### Exercise brief
What lines in the records below mention "times"? List them all.

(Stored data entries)
lemma partition_on_lifted_coloring:
  assumes Q_part: "partition_on {1..D} Q"
  shows "partition_on (logreg_vars D K) (lifted_coloring Q K)"
proof (rule partition_onI)
  have "lifted_coloring Q K =
      (\<lambda>(T, c). Inl ` (T \<times> {c})) ` (Q \<times> {1..K}) \<union> (\<lambda>c. {Inr c}) ` {1..K}"
    unfolding lifted_coloring_def by (auto simp: image_iff) fast
  then show "\<Union>(lifted_coloring Q K) = logreg_vars D K"
    using partition_onD1[OF Q_part] unfolding logreg_vars_def by auto
  show "{} \<notin> lifted_coloring Q K"
    using partition_onD3[OF Q_part] by (auto elim: lifted_coloringE)
  fix p q assume p: "p \<in> lifted_coloring Q K" and q: "q \<in> lifted_coloring Q K" and "p \<noteq> q"
  have Q_disj: "disjnt T T'" if "T \<in> Q" "T' \<in> Q" "T \<noteq> T'" for T T'
    using partition_onD2[OF Q_part] that by (simp add: pairwise_def)
  from p show "disjnt p q"
  proof (cases rule: lifted_coloringE)
    case (Inl_color T c)
    from q show ?thesis
    proof (cases rule: lifted_coloringE)
      case (Inl_color T' c')
      then have "disjnt T T' \<or> c \<noteq> c'"
        using \<open>p \<noteq> q\<close> \<open>p = Inl ` (T \<times> {c})\<close> \<open>T \<in> Q\<close> Q_disj by blast
      then show ?thesis
        using \<open>p = Inl ` (T \<times> {c})\<close> \<open>q = Inl ` (T' \<times> {c'})\<close> by (auto simp: disjnt_def)
    qed (use \<open>p = Inl ` (T \<times> {c})\<close> in auto)
  next
    case (Inr_color c)
    from q show ?thesis
      by (cases rule: lifted_coloringE) (use \<open>p = {Inr c}\<close> \<open>p \<noteq> q\<close> in auto)
  qed
qed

### Solution to the exercise
      (\<lambda>(T, c). Inl ` (T \<times> {c})) ` (Q \<times> {1..K}) \<union> (\<lambda>c. {Inr c}) ` {1..K}"
        using \<open>p \<noteq> q\<close> \<open>p = Inl ` (T \<times> {c})\<close> \<open>T \<in> Q\<close> Q_disj by blast
        using \<open>p = Inl ` (T \<times> {c})\<close> \<open>q = Inl ` (T' \<times> {c'})\<close> by (auto simp: disjnt_def)
    qed (use \<open>p = Inl ` (T \<times> {c})\<close> in auto)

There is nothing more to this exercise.